I'm wondering if HSMs vendors are really going to update to the latest PKCS#11, they seem pretty old school.

FIPS 140-3 seems to have started in 2007, so I'm not sure if it'll ever see the light of day xD

Mat: https://csrc.nist.gov/csrc/media/projects/cryptographic-module-validation-program/documents/fips140-2/fips1402ig.pdf

level 3 provides protection against:

> Observable evidence of tampering.

> Physical boundary of the module is opaque to prevent direct observation of internal security components.

> Direct entry/probing attacks prevented.

> Strong tamper resistant enclosure or encapsulation material.

> If applicable, active zeroization if covers or doors opened.
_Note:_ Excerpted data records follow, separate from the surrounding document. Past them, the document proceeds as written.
lemma root_sum_mult:
  assumes p: "p \<noteq> 0" and q: "q \<noteq> 0"
  shows "root_sum f (p * q) = root_sum f p + root_sum f q"
proof -
  let ?A = "{z. poly p z = 0} \<union> {z. poly q z = 0}"
  have fin: "finite ?A" using poly_roots_finite p q by auto
  have pq: "p * q \<noteq> 0" using p q by auto
  have "root_sum f (p * q) = (\<Sum>z\<in>?A. real (Polynomial.order z (p * q)) * f z)"
    by (rule root_sum_superset[OF pq fin]) auto
  also have "\<dots> = (\<Sum>z\<in>?A. real (Polynomial.order z p) * f z + real (Polynomial.order z q) * f z)"
    using order_mult[OF pq] by (intro sum.cong) (auto simp: algebra_simps)
  also have "\<dots> = root_sum f p + root_sum f q"
    by (simp add: sum.distrib root_sum_superset[OF p fin] root_sum_superset[OF q fin])
  finally show ?thesis .
qed

lemma root_sum_X_power: "f 0 = 0 \<Longrightarrow> root_sum f ([:0, 1:] ^ k) = 0"
  unfolding root_sum_def by (intro sum.neutral) auto

lemma root_sum_linear: "root_sum f [:- a, 1:] = f a"
proof -
  have "{z. poly [:- a, 1:] z = 0} = {a}" by auto
  then show ?thesis unfolding root_sum_def using order_power_n_n[of a 1] by simp
qed

lemma root_sum_char_poly_mult_comm:
  assumes f: "f 0 = 0" and Z: "Z \<in> carrier_mat n m" and W: "W \<in> carrier_mat m n"
  shows "root_sum f (char_poly (Z * W)) = root_sum f (char_poly (W * Z))"
proof -
  have X: "\<And>k. ([:0, 1:] :: complex poly) ^ k \<noteq> 0" by simp
  have ZW: "char_poly (Z * W) \<noteq> 0" and WZ: "char_poly (W * Z) \<noteq> 0"
    using char_poly_nonzero[of "Z * W" n] char_poly_nonzero[of "W * Z" m] Z W by auto
  have "root_sum f (char_poly (Z * W)) = root_sum f ([:0, 1:] ^ m * char_poly (Z * W))"
    by (simp add: root_sum_mult[OF X ZW] root_sum_X_power[of f, OF f])
  also have "\<dots> = root_sum f ([:0, 1:] ^ n * char_poly (W * Z))"
    by (simp add: char_poly_mult_comm[OF Z W])
  also have "\<dots> = root_sum f (char_poly (W * Z))"
    by (simp add: root_sum_mult[OF X WZ] root_sum_X_power[of f, OF f])
  finally show ?thesis .
qed

lemma vn_entropy_root_sum:
  assumes "A \<in> carrier_mat n n"
  shows "vn_entropy A = root_sum (\<lambda>z. eta (Re z)) (char_poly A)"
proof -
  have "Collect (eigenvalue A) = {z. poly (char_poly A) z = 0}"
    using eigenvalue_root_char_poly[OF assms] by auto
  then show ?thesis unfolding vn_entropy_def root_sum_def by simp
qed

lemma vn_entropy_mult_comm:
  assumes Z: "Z \<in> carrier_mat n m" and W: "W \<in> carrier_mat m n"
  shows "vn_entropy (Z * W) = vn_entropy (W * Z)"
  using Z W
  by (simp add: vn_entropy_root_sum[of _ n] vn_entropy_root_sum[of _ m]
      root_sum_char_poly_mult_comm eta_def)

lemma vn_entropy_four_block_diag:
  assumes A: "A \<in> carrier_mat n n" and B: "B \<in> carrier_mat m m"
  shows "vn_entropy (four_block_mat A (0\<^sub>m n m) (0\<^sub>m m n) B) = vn_entropy A + vn_entropy B"
  using A B
  by (simp add: vn_entropy_root_sum[of _ "n + m"] vn_entropy_root_sum[of _ n]
      vn_entropy_root_sum[of _ m] char_poly_four_block_diag root_sum_mult char_poly_nonzero)

lemma vn_entropy_2:
  assumes A: "A \<in> carrier_mat 2 2"
    and tr: "A $$ (0, 0) + A $$ (1, 1) = of_real (\<mu> + \<nu>)"
    and det: "A $$ (0, 0) * A $$ (1, 1) - A $$ (0, 1) * A $$ (1, 0) = of_real (\<mu> * \<nu>)"
  shows "vn_entropy A = eta \<mu> + eta \<nu>"
proof -
  have cp: "char_poly A = [:- of_real \<mu>, 1:] * [:- of_real \<nu>, 1:]"
    unfolding char_poly_2[OF A] tr det by (simp add: algebra_simps)
  have "vn_entropy A = root_sum (\<lambda>z. eta (Re z)) [:- of_real \<mu>, 1:] +
      root_sum (\<lambda>z. eta (Re z)) [:- of_real \<nu>, 1:]"
    unfolding vn_entropy_root_sum[OF A] cp by (rule root_sum_mult) simp_all
  then show ?thesis by (simp add: root_sum_linear)
qed

definition binary_entropy :: "real \<Rightarrow> real" where
  "binary_entropy x = eta x + eta (1 - x)"

lemma eta_nonneg: "0 \<le> x \<Longrightarrow> x \<le> 1 \<Longrightarrow> 0 \<le> eta x"
  unfolding eta_def by (auto simp: mult_nonneg_nonpos)

lemma eta_half: "0 \<le> x \<Longrightarrow> eta (x / 2) = x / 2 + eta x / 2"
  unfolding eta_def by (auto simp: log_divide algebra_simps)

lemma binary_entropy_one_minus [simp]: "binary_entropy (1 - x) = binary_entropy x"
  unfolding binary_entropy_def by simp

lemma binary_entropy_max: "binary_entropy (max x (1 - x)) = binary_entropy x"
  by (simp add: max_def)

lemma binary_entropy_antimono:
  assumes "1/2 \<le> x" "x \<le> y" "y \<le> 1"
  shows "binary_entropy y \<le> binary_entropy x"
proof (cases "y = 1")
  case True
  then show ?thesis
    using assms eta_nonneg[of x] eta_nonneg[of "1 - x"]
    by (simp add: binary_entropy_def eta_def)
next
  case False
  define g where "g t = - t * log 2 t - (1 - t) * log 2 (1 - t)" for t :: real
  have g: "binary_entropy t = g t" if "0 < t" "t < 1" for t
    using that unfolding binary_entropy_def eta_def g_def by (auto simp: algebra_simps)
  have "g y \<le> g x"
  proof (rule DERIV_nonpos_imp_nonincreasing[OF assms(2)])
    fix t assume t: "x \<le> t" "t \<le> y"
    then have t01: "0 < t" "t < 1" using assms False by auto
    have "DERIV g t :> (- (log 2 t + t * (1 / (t * ln 2)))
        - (- log 2 (1 - t) + (1 - t) * (- 1 / ((1 - t) * ln 2))))"
      unfolding g_def using t01 by (auto intro!: derivative_eq_intros)
    moreover have "(- (log 2 t + t * (1 / (t * ln 2)))
        - (- log 2 (1 - t) + (1 - t) * (- 1 / ((1 - t) * ln 2)))) = log 2 (1 - t) - log 2 t"
      using t01 by (simp add: field_simps)
    moreover have "log 2 (1 - t) \<le> log 2 t" using t01 t assms by simp
    ultimately show "\<exists>d. DERIV g t :> d \<and> d \<le> 0" by auto
  qed
  then show ?thesis using g assms False by simp
qed

lemma eta_quarters:
  assumes "0 \<le> s" "s \<le> 1"
  shows "2 * (eta ((1 + s) / 4) + eta ((1 - s) / 4)) = 1 + binary_entropy ((1 + s) / 2)"
  using eta_half[of "(1 + s) / 2"] eta_half[of "1 - (1 + s) / 2"] assms
  by (simp add: binary_entropy_def field_simps)

text \<open>For a \<open>2 \<times> 2\<close> state with diagonal entry \<open>a\<close> and determinant \<open>d\<close>, the larger
  eigenvalue \<open>(1 + \<surd>(1 - 4d))/2\<close> majorises the diagonal, so its binary entropy is
  smaller; equality holds for diagonal states.\<close>

lemma binary_entropy_eigenvalue_le:
  assumes d: "0 \<le> d" "d \<le> a * (1 - a)"
  shows "binary_entropy ((1 + sqrt (1 - 4 * d)) / 2) \<le> binary_entropy a"
proof -
  define s where "s = sqrt (1 - 4 * d)"
  have "a * (1 - a) \<le> 1/4"
    using zero_le_power2[of "2 * a - 1"] by (simp add: power2_eq_square algebra_simps)
  then have s: "0 \<le> s" "s \<le> 1" and s2: "s\<^sup>2 = 1 - 4 * d"
    using d unfolding s_def by auto
  have "(1 - 2 * a)\<^sup>2 \<le> s\<^sup>2" unfolding s2 using d by (simp add: power2_eq_square algebra_simps)
  then have "\<bar>1 - 2 * a\<bar> \<le> s" using s power2_le_imp_le[of "\<bar>1 - 2 * a\<bar>" s] by simp
  then have "max a (1 - a) \<le> (1 + s) / 2" by (auto simp: max_def abs_if split: if_splits)
  then have "binary_entropy ((1 + s) / 2) \<le> binary_entropy (max a (1 - a))"
    using s by (intro binary_entropy_antimono) (auto simp: max_def)
  then show ?thesis unfolding s_def binary_entropy_max .
qed

lemma binary_entropy_eigenvalue_diagonal:
  "binary_entropy ((1 + sqrt (1 - 4 * (a * (1 - a)))) / 2) = binary_entropy a"
proof -
  have "1 - 4 * (a * (1 - a)) = (1 - 2 * a)\<^sup>2" by (simp add: power2_eq_square algebra_simps)
  then have "(1 + sqrt (1 - 4 * (a * (1 - a)))) / 2 = max a (1 - a)"
    by (auto simp: max_def abs_if)
  then show ?thesis by (simp add: binary_entropy_max)
qed

lemma cmod_sum_mult_cnj_le:
  fixes x y :: "nat \<Rightarrow> complex"
  shows "(cmod (\<Sum>i<n. x i * cnj (y i)))\<^sup>2 \<le> (\<Sum>i<n. (cmod (x i))\<^sup>2) * (\<Sum>i<n. (cmod (y i))\<^sup>2)"
proof -
  define A where "A = (\<Sum>i<n. (cmod (x i))\<^sup>2)"
  define B where "B = (\<Sum>i<n. (cmod (y i))\<^sup>2)"
  define C where "C = (\<Sum>i<n. x i * cnj (y i))"
  have A0: "0 \<le> A" and B0: "0 \<le> B" unfolding A_def B_def by (simp_all add: sum_nonneg)
  have expand: "(cmod (of_real B * x i - C * y i))\<^sup>2
      = B\<^sup>2 * (cmod (x i))\<^sup>2 - 2 * B * Re (cnj C * (x i * cnj (y i))) + (cmod C)\<^sup>2 * (cmod (y i))\<^sup>2"
    for i unfolding cmod_power2 by (simp add: power2_eq_square algebra_simps)
  have "(\<Sum>i<n. Re (cnj C * (x i * cnj (y i)))) = Re (cnj C * C)"
    unfolding C_def by (simp add: sum_distrib_left)
  also have "\<dots> = (cmod C)\<^sup>2" unfolding cmod_power2 by (simp add: power2_eq_square)
  finally have re_C: "(\<Sum>i<n. Re (cnj C * (x i * cnj (y i)))) = (cmod C)\<^sup>2" .
  have "0 \<le> (\<Sum>i<n. (cmod (of_real B * x i - C * y i))\<^sup>2)" by (simp add: sum_nonneg)
  also have "\<dots> = B\<^sup>2 * A - 2 * B * (cmod C)\<^sup>2 + (cmod C)\<^sup>2 * B"
    by (simp only: expand sum.distrib sum_subtractf sum_distrib_left[symmetric] re_C
        A_def[symmetric] B_def[symmetric])
  finally have main: "0 \<le> B * (B * A - (cmod C)\<^sup>2)" by (simp add: power2_eq_square algebra_simps)
  show ?thesis
  proof (cases "B = 0")
    case True
    then have "\<forall>i\<in>{..<n}. (cmod (y i))\<^sup>2 = 0" unfolding B_def by (subst (asm) sum_nonneg_eq_0_iff) auto
    then have "C = 0" unfolding C_def by simp
    then show ?thesis using A0 B0 by (simp add: A_def[symmetric] B_def[symmetric] C_def[symmetric])
  next
    case False
    then have "0 \<le> B * A - (cmod C)\<^sup>2" using main B0 by (simp add: zero_le_mult_iff)
    then show ?thesis by (simp add: A_def[symmetric] B_def[symmetric] C_def[symmetric] algebra_simps)
  qed
qed

lemma msum2_Nil [simp]: "msum2 f [] = 0\<^sub>m 2 2"
  by (simp add: msum2_def)

lemma msum2_Cons [simp]: "msum2 f (K # Ks) = f K + msum2 f Ks"
  by (simp add: msum2_def)

lemma msum2_carrier: "\<forall>K\<in>set Ks. f K \<in> carrier_mat 2 2 \<Longrightarrow> msum2 f Ks \<in> carrier_mat 2 2"
  by (induct Ks) auto

lemma msum2_index:
  assumes "\<forall>K\<in>set Ks. f K \<in> carrier_mat 2 2" "i < 2" "j < 2"
  shows "msum2 f Ks $$ (i, j) = (\<Sum>k<length Ks. f (Ks ! k) $$ (i, j))"
  using assms
proof (induct Ks)
  case (Cons K Ks)
  then have "msum2 f (K # Ks) $$ (i, j) = f K $$ (i, j) + msum2 f Ks $$ (i, j)"
    using msum2_carrier[of Ks f] by simp
  with Cons show ?case by (simp only: length_Cons sum.lessThan_Suc_shift nth_Cons_0 nth_Cons_Suc) simp
qed simp

lemma msum2_map: "msum2 f (map g Ks) = msum2 (\<lambda>K. f (g K)) Ks"
  by (induct Ks) auto

lemma msum2_cong: "(\<And>K. K \<in> set Ks \<Longrightarrow> f K = g K) \<Longrightarrow> msum2 f Ks = msum2 g Ks"
  by (induct Ks) auto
> Software: logical access protection of the cryptographic modules unprotected CSPs and data is provided by the evaluated operating system at EAL3.

level 4:

> Observable evidence of tampering.

> Physical boundary of the module is opaque to prevent direct observation of internal security components.

> Direct entry/probing attacks prevented.

> Strong tamper resistant enclosure or encapsulation material.

> If applicable, active zeroization if covers or doors opened.

> A complete envelope of protection around the module preventing unauthorized attempts at physical access.

> Penetration of the module’s enclosure from any direction had a very high probability of being detected resulting in immediate zeroization of plaintext CSPs or severe damage to the module rendering it inoperable.

> Non-direct attacks prevented.

> Software: logical access protection of the cryptographic modules unprotected CSPs and data is provided by the evaluated operating system at EAL4.

further, the document emphasizes the value of level 4:

> The module shall zeroize all unprotected CSPs before an attacker can compromise the module. An attack is premeditated, well-funded, organized and determined.

Neil Madden

The timeline for FIPS 140-3 rollout is at https://csrc.nist.gov/projects/fips-140-3-transition-effort . Supposedly stopping new 140-2 certifications in Sept 2021, although they will still be valid until 2026.

Re: PKCS#11 3.0, the PKCS#11 standards make very few guarantees about what mechanisms or object types will be supported (e.g., AWS CloudHSM cannot even store certificates). There are some standard "profiles" but they make very minimal requirements about what a conforming HSM has to support.

My guess is that they might add the new functions introduced in V3 but only selectively adopt a handful of new mechanisms. I guess TLS 1.3 will drive some adoption around e.g. ChaPoly, Ed25519, etc.

JNR Management

Hi
Thanks for such great thoughts.
I found it very informative.

Krypto Agile

Thank you for an informative article.
I must say this is really very good series.